RECORDS PROVIDED START

(* Let $m_1,m_2,m_3>0$, let $\alpha_{ij},\beta_{ij}>0$ for $1\le i<j\le 3$, and let $a,b\in\mathbb{R}$ with $4<a<b-1$. Consider the Hamiltonian system $\dot{\mathbf q}=M^{-1}\mathbf p$, $\dot{\mathbf p}=-\nabla W(\mathbf q)$ on $(\mathbb{R}^3\setminus\Delta)\times\mathbb{R}^3$. Then no solution of this system has a singularity. That is, if $(\mathbf q(t),\mathbf p(t))$ is a solution with initial data in $(\mathbb{R}^3\setminus\Delta)\times\mathbb{R}^3$, defined on a maximal interval $[0,t^* )$, then $t^*=\infty$. In particular, no double or triple collisions occur in finite time. The analogous statement holds for backward time.
   Context: Three point masses $m_1,m_2,m_3$ move on a line with positions $\mathbf q=(q_1,q_2,q_3)$ and momenta $\mathbf p=(p_1,p_2,p_3)$. Let $M=\mathrm{diag}(m_1,m_2,m_3)$. The Hamiltonian is $H(\mathbf q,\mathbf p)=\tfrac12\mathbf p^TM^{-1}\mathbf p+W(\mathbf q)$, where $W=-U+V$ with $$U(\mathbf q)=\sum_{1\le i<j\le3}\frac{\alpha_{ij}}{|q_i-q_j|^{a}},\qquad V(\mathbf q)=\sum_{1\le i<j\le3}\frac{\beta_{ij}}{|q_i-q_j|^{b}}.$$ The collision set is $\Delta=\{\mathbf q\in\mathbb{R}^3: q_1=q_2\text{ or }q_2=q_3\text{ or }q_1=q_3\}$. *)

theory Defs
  imports "HOL-Analysis.Analysis"
begin

definition pair_pot :: "real \<Rightarrow> real \<Rightarrow> real \<Rightarrow> real \<Rightarrow> real^3 \<Rightarrow> real" where
  "pair_pot c12 c13 c23 e q =
     c12 / \<bar>q$1 - q$2\<bar> powr e + c13 / \<bar>q$1 - q$3\<bar> powr e + c23 / \<bar>q$2 - q$3\<bar> powr e"

definition Wpot :: "real \<Rightarrow> real \<Rightarrow> real \<Rightarrow> real \<Rightarrow> real \<Rightarrow> real \<Rightarrow> real \<Rightarrow> real \<Rightarrow> real^3 \<Rightarrow> real" where
  "Wpot a12 a13 a23 b12 b13 b23 a b q = - pair_pot a12 a13 a23 a q + pair_pot b12 b13 b23 b q"

definition collision_set :: "(real^3) set" where
  "collision_set = {q. q$1 = q$2 \<or> q$2 = q$3 \<or> q$1 = q$3}"

text \<open>Gradient of a real function on real^3 at x (well defined where the function is differentiable).\<close>
definition grad :: "(real^3 \<Rightarrow> real) \<Rightarrow> real^3 \<Rightarrow> real^3" where
  "grad f x = (THE D. GDERIV f x :> D)"

definition is_solution ::
  "real^3 \<Rightarrow> (real^3 \<Rightarrow> real) \<Rightarrow> real set \<Rightarrow> (real \<Rightarrow> real^3) \<Rightarrow> (real \<Rightarrow> real^3) \<Rightarrow> bool" where
  "is_solution m W I q p \<longleftrightarrow>
     (\<forall>t\<in>I. q t \<notin> collision_set \<and>
        (q has_vector_derivative (\<chi> i. p t $ i / m $ i)) (at t within I) \<and>
        (p has_vector_derivative (- grad W (q t))) (at t within I))"

end

theory Submission
  imports Defs
begin

text \<open>
  Idea: the total energy \<open>K(p) + W(q)\<close> is conserved. Each pair term
  \<open>-\<alpha>/r\<^sup>a + \<beta>/r\<^sup>b\<close> is bounded below and tends to \<open>+\<infinity>\<close> as \<open>r \<rightarrow> 0\<close>, so along a solution of
  energy \<open>E\<close> all mutual distances stay above some \<open>\<delta> > 0\<close> and the kinetic energy stays bounded.
  On the region where all distances are at least \<open>\<delta>/2\<close> the force is bounded and Lipschitz,
  hence the first-order Hamiltonian field is bounded along the solution and Lipschitz on a
  neighbourhood of it, and a standard continuation argument extends the solution past any
  finite time.
\<close>

text \<open>The integration bound is
  clamped to the interval so that the operator acts on bounded continuous functions on the
  whole real line.\<close>
definition picard_map :: "('a::banach \<Rightarrow> 'a) \<Rightarrow> 'a \<Rightarrow> real \<Rightarrow> real \<Rightarrow> (real \<Rightarrow> 'a) \<Rightarrow> real \<Rightarrow> 'a" where
  "picard_map g x0 t0 h y t = x0 + integral {t0..max t0 (min (t0+h) t)} (\<lambda>s. g (y s))"

lemma picard_map_bcontfun:
  fixes g :: "'a::banach \<Rightarrow> 'a"
  assumes g_cont: "continuous_on UNIV g" and bnd: "\<And>x. norm (g x) \<le> B" and h: "0 < h"
  shows "picard_map g x0 t0 h (apply_bcontfun y) \<in> bcontfun"
proof -
  define clamp where "clamp t = max t0 (min (t0+h) t)" for t
  have clamp_in: "clamp t \<in> {t0..t0+h}" for t using h by (auto simp: clamp_def)
  have gy_cont: "continuous_on {t0..t0+h} (\<lambda>s. g (apply_bcontfun y s))"
    by (intro continuous_on_compose2[OF g_cont]) auto
  have clamp_cont: "continuous_on UNIV clamp" unfolding clamp_def by (intro continuous_intros)
  have "continuous_on {t0..t0+h} (\<lambda>u. integral {t0..u} (\<lambda>s. g (apply_bcontfun y s)))"
    by (intro indefinite_integral_continuous_1 integrable_continuous_real gy_cont)
  then have "continuous_on UNIV (\<lambda>t. x0 + integral {t0..clamp t} (\<lambda>s. g (apply_bcontfun y s)))"
    by (intro continuous_intros continuous_on_compose2[OF _ clamp_cont]) (use clamp_in in auto)
  then have "continuous_on UNIV (picard_map g x0 t0 h (apply_bcontfun y))"
    unfolding picard_map_def clamp_def .
  moreover have "norm (picard_map g x0 t0 h (apply_bcontfun y) t) \<le> norm x0 + B * h" for t
  proof -
    have B0: "0 \<le> B" using bnd[of x0] norm_ge_zero order_trans by blast
    have "norm (integral {t0..clamp t} (\<lambda>s. g (apply_bcontfun y s))) \<le> B * (clamp t - t0)"
      using clamp_in[of t] by (intro integral_bound continuous_on_subset[OF gy_cont] bnd) auto
    also have "\<dots> \<le> B * h" using clamp_in[of t] B0 by (intro mult_left_mono) auto
    finally show ?thesis unfolding picard_map_def clamp_def[symmetric]
      using norm_triangle_ineq[of x0 "integral {t0..clamp t} (\<lambda>s. g (apply_bcontfun y s))"]
      by linarith
  qed
  then have "bounded (range (picard_map g x0 t0 h (apply_bcontfun y)))" by (auto simp: bounded_iff)
  ultimately show ?thesis by (simp add: bcontfun_def)
qed

lemma picard_map_contraction:
  fixes g :: "'a::banach \<Rightarrow> 'a"
  assumes lip: "L-lipschitz_on UNIV g" and h: "0 < h"
  shows "dist (picard_map g x0 t0 h (apply_bcontfun y) t) (picard_map g x0 t0 h (apply_bcontfun z) t)
    \<le> h * L * dist y z"
proof -
  define t' where "t' = max t0 (min (t0+h) t)"
  have t': "t' \<in> {t0..t0+h}" using h by (auto simp: t'_def)
  have L0: "0 \<le> L" using lip by (rule lipschitz_on_nonneg)
  have cont: "continuous_on {t0..t'} (\<lambda>s. g (apply_bcontfun y s))" for y
    by (intro continuous_on_compose2[OF lipschitz_on_continuous_on[OF lip]]) auto
  have "norm (integral {t0..t'} (\<lambda>s. g (apply_bcontfun y s) - g (apply_bcontfun z s)))
      \<le> (L * dist y z) * (t' - t0)"
  proof (rule integral_bound)
    fix s
    have "norm (g (apply_bcontfun y s) - g (apply_bcontfun z s))
        \<le> L * norm (apply_bcontfun y s - apply_bcontfun z s)"
      using lip by (rule lipschitz_on_normD) auto
    also have "\<dots> \<le> L * dist y z"
      using dist_bounded[of y s z] L0 by (simp add: dist_norm mult_left_mono)
    finally show "norm (g (apply_bcontfun y s) - g (apply_bcontfun z s)) \<le> L * dist y z" .
  qed (use t' cont in \<open>auto intro!: continuous_intros\<close>)
  also have "\<dots> \<le> (L * dist y z) * h" using t' L0 by (intro mult_left_mono) auto
  finally show ?thesis
    unfolding picard_map_def t'_def[symmetric] using t' cont
    by (simp add: dist_norm algebra_simps integral_diff integrable_continuous_real)
qed

lemma picard_global:
  fixes g :: "'a::banach \<Rightarrow> 'a"
  assumes lip: "L-lipschitz_on UNIV g" and bnd: "\<And>x. norm (g x) \<le> B"
    and h: "0 < h" "h * L < 1"
  shows "\<exists>y. continuous_on {t0..t0+h} y \<and>
     (\<forall>t\<in>{t0..t0+h}. y t = x0 + integral {t0..t} (\<lambda>s. g (y s)))"
proof -
  define \<Phi> where "\<Phi> y = Bcontfun (picard_map g x0 t0 h (apply_bcontfun y))" for y
  have \<Phi>_apply: "apply_bcontfun (\<Phi> y) = picard_map g x0 t0 h (apply_bcontfun y)" for y
    using picard_map_bcontfun[OF lipschitz_on_continuous_on[OF lip] bnd h(1)]
    by (simp add: \<Phi>_def Bcontfun_inverse)
  have "dist (\<Phi> y) (\<Phi> z) \<le> (h * L) * dist y z" for y z
    using picard_map_contraction[OF lip h(1)] by (intro dist_bound) (simp add: \<Phi>_apply)
  then obtain y where y: "\<Phi> y = y"
    using banach_fix_type[of "h * L" \<Phi>] h lipschitz_on_nonneg[OF lip] by auto
  have "apply_bcontfun y t = x0 + integral {t0..t} (\<lambda>s. g (apply_bcontfun y s))"
    if "t \<in> {t0..t0+h}" for t
    using fun_cong[OF \<Phi>_apply[of y], of t] that by (simp add: y picard_map_def)
  then show ?thesis by (intro exI[of _ "apply_bcontfun y"]) auto
qed

lemma lipschitz_on_cball_bound:
  fixes f :: "'a::real_normed_vector \<Rightarrow> 'b::real_normed_vector"
  assumes lip: "L-lipschitz_on (cball x0 r) f" and x: "x \<in> cball x0 r"
  shows "norm (f x) \<le> norm (f x0) + L * r"
proof -
  have "0 \<le> r" using x by (auto intro: order_trans[OF zero_le_dist])
  then have "norm (f x - f x0) \<le> L * norm (x - x0)"
    using lip x by (intro lipschitz_on_normD) auto
  also have "\<dots> \<le> L * r"
    using x lipschitz_on_nonneg[OF lip] by (intro mult_left_mono) (auto simp: dist_norm norm_minus_commute)
  finally show ?thesis using norm_triangle_ineq2[of "f x" "f x0"] by linarith
qed

lemma lipschitz_extension_closest_point:
  fixes f :: "'a::euclidean_space \<Rightarrow> 'b::real_normed_vector"
  assumes r: "0 \<le> r" and lip: "L-lipschitz_on (cball x0 r) f"
  shows "L-lipschitz_on UNIV (\<lambda>x. f (closest_point (cball x0 r) x))"
proof -
  have "1-lipschitz_on UNIV (closest_point (cball x0 r))"
    using closest_point_lipschitz[of "cball x0 r"] r by (intro lipschitz_onI) auto
  moreover have "range (closest_point (cball x0 r)) \<subseteq> cball x0 r"
    using r by (auto intro!: closest_point_in_set)
  then have "L-lipschitz_on (range (closest_point (cball x0 r))) f"
    by (rule lipschitz_on_subset[OF lip])
  ultimately show ?thesis using lipschitz_on_compose2 by fastforce
qed

text \<open>Choice of the step length: short enough for contraction and for staying in the ball.\<close>
lemma short_step_exists:
  fixes L B r :: real
  assumes "0 \<le> L" "0 \<le> B" "0 < r"
  shows "\<exists>h>0. h * L < 1 \<and> h * B \<le> r"
proof (intro exI conjI)
  let ?h = "min (1 / (2 * (L + 1))) (r / (B + 1))"
  show "0 < ?h" using assms by simp
  have "?h * L \<le> (1 / (2 * (L + 1))) * L" using assms by (intro mult_right_mono) auto
  also have "\<dots> < 1" using assms by (simp add: field_simps)
  finally show "?h * L < 1" .
  have "?h * B \<le> (r / (B + 1)) * B" using assms by (intro mult_right_mono) auto
  also have "\<dots> \<le> r" using assms by (simp add: field_simps)
  finally show "?h * B \<le> r" .
qed

lemma local_integral_solution:
  fixes f :: "'a::euclidean_space \<Rightarrow> 'a" and T :: real
  assumes r: "0 < r" and lip: "L-lipschitz_on (cball x0 r) f"
  shows "\<exists>h>0. \<exists>y. continuous_on {T..T+h} y \<and>
     (\<forall>t\<in>{T..T+h}. y t \<in> cball x0 r \<and> y t = x0 + integral {T..t} (\<lambda>u. f (y u)))"
proof -
  define cp where "cp = closest_point (cball x0 r)"
  define B where "B = norm (f x0) + L * r"
  have cp_in: "cp x \<in> cball x0 r" for x unfolding cp_def using r by (intro closest_point_in_set) auto
  have g_lip: "L-lipschitz_on UNIV (\<lambda>x. f (cp x))"
    unfolding cp_def using r lip by (intro lipschitz_extension_closest_point) auto
  have g_bound: "norm (f (cp x)) \<le> B" for x
    unfolding B_def by (rule lipschitz_on_cball_bound[OF lip cp_in])
  have "0 \<le> B" using g_bound[of x0] norm_ge_zero order_trans by blast
  then obtain h where h: "0 < h" "h * L < 1" "h * B \<le> r"
    using short_step_exists lipschitz_on_nonneg[OF lip] r by blast
  obtain y where y_cont: "continuous_on {T..T+h} y"
    and y_eq: "\<forall>t\<in>{T..T+h}. y t = x0 + integral {T..t} (\<lambda>u. f (cp (y u)))"
    using picard_global[OF g_lip g_bound h(1,2)] by blast
  have y_in: "y t \<in> cball x0 r" if t: "t \<in> {T..T+h}" for t
  proof -
    have "continuous_on {T..t} (\<lambda>u. f (cp (y u)))" using t
      by (intro continuous_on_compose2[OF lipschitz_on_continuous_on[OF g_lip]]
          continuous_on_subset[OF y_cont]) auto
    then have "norm (integral {T..t} (\<lambda>u. f (cp (y u)))) \<le> B * (t - T)"
      using t by (intro integral_bound g_bound) auto
    also have "\<dots> \<le> h * B" using t \<open>0 \<le> B\<close> by (simp add: mult.commute mult_left_mono)
    finally show ?thesis using y_eq t h(3) by (simp add: dist_norm norm_minus_commute)
  qed
  text \<open>Inside the ball the projection is the identity, so \<open>y\<close> solves the original equation.\<close>
  have "integral {T..t} (\<lambda>u. f (cp (y u))) = integral {T..t} (\<lambda>u. f (y u))" if "t \<in> {T..T+h}" for t
    using that y_in by (intro integral_cong) (simp add: cp_def closest_point_self)
  then have "y t = x0 + integral {T..t} (\<lambda>u. f (y u))" if "t \<in> {T..T+h}" for t
    using y_eq that by simp
  then show ?thesis using h(1) y_cont y_in by blast
qed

RECORDS PROVIDED END

Using the data above, repeat exactly the lines that begin at the line with "q$2 \<or> q$2" and end at the line with "(q has_vector_derivative (\<chi>", both ends included.

ANSWER SPACE
  "collision_set = {q. q$1 = q$2 \<or> q$2 = q$3 \<or> q$1 = q$3}"

text \<open>Gradient of a real function on real^3 at x (well defined where the function is differentiable).\<close>
definition grad :: "(real^3 \<Rightarrow> real) \<Rightarrow> real^3 \<Rightarrow> real^3" where
  "grad f x = (THE D. GDERIV f x :> D)"

definition is_solution ::
  "real^3 \<Rightarrow> (real^3 \<Rightarrow> real) \<Rightarrow> real set \<Rightarrow> (real \<Rightarrow> real^3) \<Rightarrow> (real \<Rightarrow> real^3) \<Rightarrow> bool" where
  "is_solution m W I q p \<longleftrightarrow>
     (\<forall>t\<in>I. q t \<notin> collision_set \<and>
        (q has_vector_derivative (\<chi> i. p t $ i / m $ i)) (at t within I) \<and>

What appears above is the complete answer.